There. They enjoy it. Sometimes for a change I

have them doing Travel in the form of bizarre sexual

antics. As-if-sexual, that is, in the case of some

friends. And now I give you — SPORT!

Yes, it’s Tourney Time again, friends! Remember how

you enjoyed the last Tourney we had?

Of course you do! Get the wet mops, Ivy, please. And

Charlie, you wheel Mrs Bowen to one corner, and

you, Sarah, wheel George to the opposite corner.

That’s it. One mop each,

Ivy, thank you.

On the word, then, steeds and knights, you thunder

at top speed towards each other, never flinching,

like bold and parfait gentil knights, and try to

lance each other. No stopping! Straight on, turn,

and back for another joust. Ready then? And may the

best knight win! One! Two! Three!

Well done. Mrs Bowen! A palpable hit!

One more time, then. Off you go!

Another hit for Mrs Bowen! Sarah, see if George is

still awake, will you? He doesn’t seem to be trying

very hard. Last joust, then. Away you go!

At various times in the past we

have had Balloon Races, Polo, Folk Dancing and Archery.

Mrs Bowen the Winner! Back to the table, now. The

Knobbly Knee Competition was very popular, too.

So after all our exertions let’s just have a quiet

discussion session, shall we?

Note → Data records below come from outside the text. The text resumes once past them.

lemma degenerate_imp_ranking:
  assumes "degenerate k V E"
  shows "\<exists>r :: 'a \<Rightarrow> nat. inj_on r V \<and> (\<forall>v\<in>V. card (later_neighbours r V E v) \<le> k)"
  using assms
proof (induction rule: degenerate.induct)
  case (empty E)
  show ?case by auto
next
  case (delete v V E)
  then obtain r' :: "'a \<Rightarrow> nat" where inj': "inj_on r' (V - {v})"
    and later': "\<forall>u\<in>V - {v}. card (later_neighbours r' (V - {v}) E u) \<le> k"
    by blast
  \<comment> \<open>The vertex deleted first gets the smallest rank, so all its neighbours are later.\<close>
  define r where "r = (\<lambda>u. Suc (r' u))(v := 0)"
  have "inj_on r V"
    using inj' by (auto simp: r_def inj_on_def)
  moreover have "card (later_neighbours r V E u) \<le> k" if "u \<in> V" for u
  proof (cases "u = v")
    case True
    have "finite (V - {v})"
      using delete.hyps(3) by (rule degenerate_finite)
    then have "finite V" by simp
    then have "card (later_neighbours r V E u) \<le> degree V E v"
      unfolding later_neighbours_def degree_def True by (intro card_mono) auto
    with delete.hyps(2) show ?thesis by simp
  next
    case False
    then have "later_neighbours r V E u = later_neighbours r' (V - {v}) E u"
      by (auto simp: later_neighbours_def r_def)
    with later' \<open>u \<in> V\<close> False show ?thesis by simp
  qed
  ultimately show ?case by blast
qed

text \<open>Take an arc (u, w) of A whose tail has maximal rank. Its head w has an incoming, hence
  an outgoing arc, so w is a tail as well and r w \<le> r u < r w.\<close>
lemma eulerian_rank_increasing_empty:
  fixes r :: "'a \<Rightarrow> nat"
  assumes "finite A" and "A \<subseteq> {(u, w). r u < r w}" and "\<forall>v. indeg A v = outdeg A v"
  shows "A = {}"
proof (rule ccontr)
  assume "A \<noteq> {}"
  let ?m = "Max (r ` fst ` A)"
  have "?m \<in> r ` fst ` A"
    using \<open>finite A\<close> \<open>A \<noteq> {}\<close> by (intro Max_in) auto
  then obtain u w where uw: "(u, w) \<in> A" and "r u = ?m"
    by auto
  have max: "r x \<le> r u" if "(x, y) \<in> A" for x y
  proof -
    have "r x \<in> r ` fst ` A"
      using that by force
    with \<open>finite A\<close> show ?thesis
      unfolding \<open>r u = ?m\<close> by (intro Max_ge) auto
  qed
  have "{x. (x, w) \<in> A} \<subseteq> fst ` A"
    by force
  then have "finite {x. (x, w) \<in> A}"
    using \<open>finite A\<close> by (simp add: finite_subset)
  with uw have "indeg A w > 0"
    unfolding indeg_def by (auto simp: card_gt_0_iff)
  with assms(3) have "outdeg A w > 0" by simp
  then obtain y where "(w, y) \<in> A"
    unfolding outdeg_def by (metis (no_types, lifting) card.empty empty_Collect_eq less_irrefl)
  then have "r w \<le> r u"
    by (rule max)
  moreover have "r u < r w"
    using uw assms(2) by blast
  ultimately show False by simp
qed

lemma AT_orientation_rank_increasing:
  fixes r :: "'a \<Rightarrow> nat"
  assumes "finite D" and "D \<subseteq> {(u, w). r u < r w}"
  shows "AT_orientation D"
proof -
  have "eulerian_subgraphs D = {{}}"
  proof
    show "eulerian_subgraphs D \<subseteq> {{}}"
    proof
      fix A assume "A \<in> eulerian_subgraphs D"
      then have "A \<subseteq> D" and "\<forall>v. indeg A v = outdeg A v"
        by (simp_all add: eulerian_subgraphs_def)
      with assms have "A = {}"
        by (intro eulerian_rank_increasing_empty[of _ r]) (auto intro: finite_subset)
      then show "A \<in> {{}}" by simp
    qed
    show "{{}} \<subseteq> eulerian_subgraphs D"
      by (simp add: eulerian_subgraphs_def indeg_def outdeg_def)
  qed
  then show ?thesis
    unfolding AT_orientation_def by (simp add: Collect_conj_eq)
qed

lemma is_orientation_rank_orientation:
  assumes "\<And>u w. {u, w} \<in> E \<Longrightarrow> r u \<noteq> r w"
  shows "is_orientation E (rank_orientation r E)"
  using assms by (fastforce simp: is_orientation_def rank_orientation_def insert_commute)

lemma AT_le_Suc_if_ranking:
  assumes "graph V E"
    and "\<And>u w. {u, w} \<in> E \<Longrightarrow> r u \<noteq> r w"
    and "\<forall>v\<in>V. card (later_neighbours r V E v) \<le> k"
  shows "AT V E \<le> Suc k"
proof -
  let ?D = "rank_orientation r E"
  have "?D \<subseteq> V \<times> V" and "finite V"
    using assms(1) by (auto simp: graph_def rank_orientation_def)
  then have "AT_orientation ?D"
    by (intro AT_orientation_rank_increasing[of _ r])
      (auto simp: rank_orientation_def intro: finite_subset)
  moreover have "outdeg ?D v = card (later_neighbours r V E v)" for v
    using \<open>?D \<subseteq> V \<times> V\<close>
    by (auto simp: outdeg_def later_neighbours_def rank_orientation_def
        intro!: arg_cong[where f = card])
  ultimately have "\<exists>D. is_orientation E D \<and> AT_orientation D \<and> (\<forall>v\<in>V. outdeg D v + 1 \<le> Suc k)"
    using is_orientation_rank_orientation[of E r, OF assms(2)] assms(3)
    by (intro exI[of _ ?D]) simp
  then show ?thesis
    unfolding AT_def by (rule Least_le)
qed

lemma graph_inj_on_edge_neq:
  assumes "graph V E" and "inj_on r V" and "{u, w} \<in> E"
  shows "r u \<noteq> r w"
proof -
  have "{u, w} \<subseteq> V" and "card {u, w} = 2"
    using assms(1,3) unfolding graph_def by blast+
  moreover have "u \<noteq> w"
  proof
    assume "u = w"
    with \<open>card {u, w} = 2\<close> show False by simp
  qed
  ultimately show ?thesis
    using inj_on_contraD[OF assms(2)] by blast
qed

lemma subdiv_edges_Inl:
  "{Inl v, y} \<in> subdiv_edges VG EG \<longleftrightarrow> (\<exists>e. y = Inr e \<and> v \<in> e \<and> e \<in> EG)"
  by (auto simp: subdiv_edges_def doubleton_eq_iff)

lemma subdiv_edges_Inr:
  "{Inr e, y} \<in> subdiv_edges VG EG \<longleftrightarrow> (\<exists>u. y = Inl u \<and> u \<in> e \<and> e \<in> EG)"
  by (auto simp: subdiv_edges_def doubleton_eq_iff)

lemma sprod_adj_sym: "sprod_adj VG EG VH EH x y \<longleftrightarrow> sprod_adj VG EG VH EH y x"
  unfolding sprod_adj_def by (cases x; cases y) (auto simp: insert_commute)

lemma doubleton_in_sprod_edges_iff:
  "{x, y} \<in> sprod_edges VG EG VH EH \<longleftrightarrow>
     x \<in> sprod_vertices VG EG VH EH \<and> y \<in> sprod_vertices VG EG VH EH \<and> sprod_adj VG EG VH EH x y"
proof
  assume "{x, y} \<in> sprod_edges VG EG VH EH"
  then obtain a b where ab: "{x, y} = {a, b}" "a \<in> sprod_vertices VG EG VH EH"
    "b \<in> sprod_vertices VG EG VH EH" "sprod_adj VG EG VH EH a b"
    unfolding sprod_edges_def by blast
  then have "(x = a \<and> y = b) \<or> (x = b \<and> y = a)"
    by (simp add: doubleton_eq_iff)
  with ab sprod_adj_sym show
    "x \<in> sprod_vertices VG EG VH EH \<and> y \<in> sprod_vertices VG EG VH EH \<and> sprod_adj VG EG VH EH x y"
    by blast
next
  assume "x \<in> sprod_vertices VG EG VH EH \<and> y \<in> sprod_vertices VG EG VH EH \<and> sprod_adj VG EG VH EH x y"
  then show "{x, y} \<in> sprod_edges VG EG VH EH"
    unfolding sprod_edges_def by blast
qed

lemma singleton_notin_subdiv_edges: "{z} \<notin> subdiv_edges VG EG"
  by (auto simp: subdiv_edges_def)

lemma graph_sprod:
  assumes "graph VG EG" and "graph VH EH"
  shows "graph (sprod_vertices VG EG VH EH) (sprod_edges VG EG VH EH)"
proof -
  have "finite EG"
    using assms(1) by (auto simp: graph_def intro: finite_subset[of _ "Pow VG"])
  then have "finite (sprod_vertices VG EG VH EH)"
    using assms by (simp add: graph_def sprod_vertices_def subdiv_vertices_def)
  moreover have "x \<noteq> y" if "sprod_adj VG EG VH EH x y" for x y
  proof
    assume "x = y"
    moreover have "{snd x} \<notin> EH"
      using assms(2) by (force simp: graph_def)
    ultimately show False
      using that singleton_notin_subdiv_edges[of "fst x" VG EG] by (simp add: sprod_adj_def)
  qed
  then have "e \<subseteq> sprod_vertices VG EG VH EH \<and> card e = 2" if "e \<in> sprod_edges VG EG VH EH" for e
    using that unfolding sprod_edges_def by auto
  ultimately show ?thesis
    by (simp add: graph_def)
qed

definition sprod_rank :: "('b \<Rightarrow> nat) \<Rightarrow> ('a + 'a set) \<times> 'b \<Rightarrow> nat" where
  "sprod_rank rH x = 2 * rH (snd x) + (case fst x of Inl _ \<Rightarrow> 1 | Inr _ \<Rightarrow> 0)"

And as always our

subject is HOW I WANT TO GO and its related topics MY CHOICE

OF COFFIN or WHAT I WANT DONE WITH MY EARTHLY

REMAINS. First of all, let us remember first principles.

Death may be seen as the price paid for what the body

is — that is, the very biological functioning of

the body, its very nature, inherently implies and

contains death; this debt is paid in instalments;

and the period of old age is that in which all

arrears must be settled. Death indeed may often be a lot

less painful than life: the actual dying, that is.